Un métier de spécialistes
S’occuper des plus petits est donc un métier complet, un vrai, un magnifique métier, qui nécessite d’avoir un goût pour s’occuper des très jeunes enfants, qui implique de ressentir du plaisir à les fréquenter et qui réclame une capacité intellectuelle pour les comprendre. Sans compter qu’il faut aussi posséder des aptitudes de patience, de dextérité, de soins, de douceur et d’organisation. Enfin, soyons tous certains qu’il est indispensable de suivre une réelle formation dans toutes les dimensions que nous venons de citer, à la fois technique, pratique, relationnelle et réflexive.
Alors comment acquérir toutes ces compétences en si peu de temps avec des formations souvent trop courtes ? Pire, comment les obtenir en formation à distance, sans côtoyer les enfants, sans les avoir dans les bras ? Cela semble bien déraisonnable que les êtres les plus fragiles, ceux dont le développement dépend tant de leur environnement, soient accompagnés par des personnes n’ayant pas les qualifications nécessaires.
Faisant partie du « Care », c’est-à-dire du prendre soin de l’autre, ces métiers ont une moindre valeur par rapport à ceux de l’éducation ou de la santé qui, déjà, n’en bénéficient pas beaucoup.
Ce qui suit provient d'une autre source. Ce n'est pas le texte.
lemma parity_decoder_correct:
  assumes "k \<in> {0, 1, 2, 3}" "i \<in> {1, 2, 3}"
  shows "\<forall>x. \<forall>r\<in>{0, 1}. parity_form k x = c \<longrightarrow>
    parity_decoder k c i (view i (parity_scheme k x r)) = get i x"
  using assms
  by (cases c; elim insertE emptyE; simp add: all_bool_eq parity_decoder_def parity_scheme_def parity_form_def view_def)

lemma parity_scheme_hides:
  assumes "k \<in> {0, 1, 2, 3}" "i \<in> {1, 2, 3}"
  shows "\<forall>x y. parity_form k x = c \<longrightarrow> parity_form k y = c \<longrightarrow> get i x = get i y \<longrightarrow>
    (view i (parity_scheme k x 0) = view i (parity_scheme k y 0) \<and>
     view i (parity_scheme k x 1) = view i (parity_scheme k y 1)) \<or>
    (view i (parity_scheme k x 0) = view i (parity_scheme k y 1) \<and>
     view i (parity_scheme k x 1) = view i (parity_scheme k y 0))"
  using assms
  by (cases c; elim insertE emptyE; simp add: all_bool_eq parity_scheme_def parity_form_def view_def)

lemma parity_scheme_is_3SS:
  assumes k: "k \<in> {0, 1, 2, 3}"
  shows "is_3SS {x. parity_form k x = c} {0, 1} (\<lambda>_. 1 / 2) (parity_scheme k)"
proof (rule is_3SS_uniform_bit)
  fix i r :: nat and x assume "i \<in> {1, 2, 3}" "x \<in> {x. parity_form k x = c}" "r \<in> {0, 1}"
  then show "parity_decoder k c i (view i (parity_scheme k x r)) = get i x"
    using parity_decoder_correct[OF k \<open>i \<in> _\<close>, of c] by blast
next
  fix i x y assume "i \<in> {1, 2, 3}" "x \<in> {x. parity_form k x = c}" "y \<in> {x. parity_form k x = c}"
    "get i x = get i y"
  then show "(view i (parity_scheme k x 0) = view i (parity_scheme k y 0) \<and>
      view i (parity_scheme k x 1) = view i (parity_scheme k y 1)) \<or>
      (view i (parity_scheme k x 0) = view i (parity_scheme k y 1) \<and>
      view i (parity_scheme k x 1) = view i (parity_scheme k y 0))"
    using parity_scheme_hides[OF k \<open>i \<in> _\<close>, of c] by blast
qed

lemma on_parity_plane_is_3SS:
  assumes "on_parity_plane S" shows "\<exists>\<psi>. is_3SS S {0, 1} (\<lambda>_. 1 / 2) \<psi>"
  using assms parity_scheme_is_3SS is_3SS_subset unfolding on_parity_plane_def by blast

lemma rho_eq_1I:
  assumes "is_3SS S {0, 1} P \<psi>" and "\<And>R P \<psi>. is_3SS S R P \<psi> \<Longrightarrow> 2 \<le> card R"
  shows "rho S = 1"
  unfolding rho_def
proof (rule cInf_eq_minimum)
  show "1 \<in> {log 2 (real (card R)) | R P \<psi>. is_3SS S R P \<psi>}"
    using assms(1) by force
next
  fix y assume "y \<in> {log 2 (real (card R)) | R P \<psi>. is_3SS S R P \<psi>}"
  then obtain R P \<psi> where y: "y = log 2 (real (card R))" and "is_3SS S R P \<psi>" by blast
  from \<open>is_3SS S R P \<psi>\<close> have "2 \<le> card R" by (rule assms(2))
  then show "1 \<le> y" unfolding y by simp
qed

theorem mainTheorem7:
  assumes "S0 \<in> {{(False,False,False),(False,False,True)},
                 {(False,False,False),(False,False,True),(True,True,False)},
                 {(False,False,False),(False,False,True),(True,True,False),(True,True,True)},
                 {(False,False,False),(False,True,True),(True,False,True)},
                 {(False,False,False),(False,True,True),(True,False,True),(True,True,False)}}"
    and "S \<in> equiv_class S0"
  shows "rho S = 1"
proof -
  have "on_parity_plane S0 \<and> hamming_obstruction S0"
    using assms(1) unfolding on_parity_plane_def hamming_obstruction_def
    by (elim insertE emptyE) (simp_all add: parity_form_def hamming_def)
  then have "on_parity_plane S \<and> hamming_obstruction S"
    using assms(2) equiv_class_invariant on_parity_plane_image hamming_obstruction_image by blast
  then show ?thesis
    using on_parity_plane_is_3SS is_3SS_card_ge_2 rho_eq_1I by metis
qed

end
Ils souffrent d’un manque de reconnaissance sociale, d’une faiblesse d’attractivité et de rémunérations qui ne sont pas à la hauteur de l’exigence due aux jeunes enfants. Si cet état de fait s’explique par leur histoire, entre le maternage et la vocation avant leur récente professionnalisation, cela n’en est plus pour autant acceptable aujourd’hui.

Un métier qui se partage
La crèche est l’institution où cette situation de défaillance, retrouvée dans tous les modes d’accueil des jeunes enfants, est la plus visible, car, au niveau des médias et du grand public, elle représente à elle seule le monde de la petite enfance. Elle est ainsi la plus exposée, en tant que « modèle type », alors même que la majorité des jeunes enfants n’y est pas accueillie. C’est elle qui sert de porte-drapeau lorsqu’il s’agit d’accueil de la petite enfance, c’est aussi sur elle que l’on projette aujourd’hui tous les fantasmes de désirs, de craintes et de rejets. On y retrouve les mêmes difficultés de recrutement, de formation et de valorisation des professionnels, avec un défi supplémentaire, celui du travail d’équipe. En effet, d’autres qualifications sont à ajouter à celles citées plus avant : prendre sa place dans une équipe, participer à un projet pédagogique commun, accepter l’organisation et la hiérarchie, faire preuve d’entraide et de flexibilité, connaître les règles de l’institution et les options pédagogiques, admettre de dépendre d’un gestionnaire public ou privé, etc. Pour certains, travailler avec d’autres adultes et souvent encore plus difficile que de s’occuper de jeunes enfants. Mais cela peut aussi s’apprendre, avec des formations complètes et suffisamment longues pour permettre à de futurs professionnels de devenir de vrais spécialistes de l’éducation des jeunes enfants en crèche. Au savoir-faire et au savoir être s’ajoutent le savoir-faire ensemble et le savoir être avec les autres.

Un métier qui s’apprend
En formation, la présence sur le terrain est indispensable, mais ne suffit pas. Il est faux de penser que les métiers de la crèche s’apprennent uniquement en les faisant et qu’une formation courte suffit. Pas plus que l’on devient chirurgien uniquement en opérant ou plombier en regardant des tutos, on ne s’improvise pas professionnel de la petite enfance en crèche en fréquentant seulement des enfants ou en suivant des formations à distance sans jamais avoir eu un bébé dans ses bras. L’alternance entre la réflexion, l’apprentissage des concepts et des actes doit absolument exister avec leur observation et leur mise en pratique sur le terrain.
Il est encore temps de réagir et de créer cette formation de professionnels de crèche de haut niveau, des spécialistes de la petite enfance capables de travailler dans cette institution et de la renouveler par leurs inventions et leurs réflexions, pour le bien de tous, enfants, parents, professionnels et donc pour le bien de la société.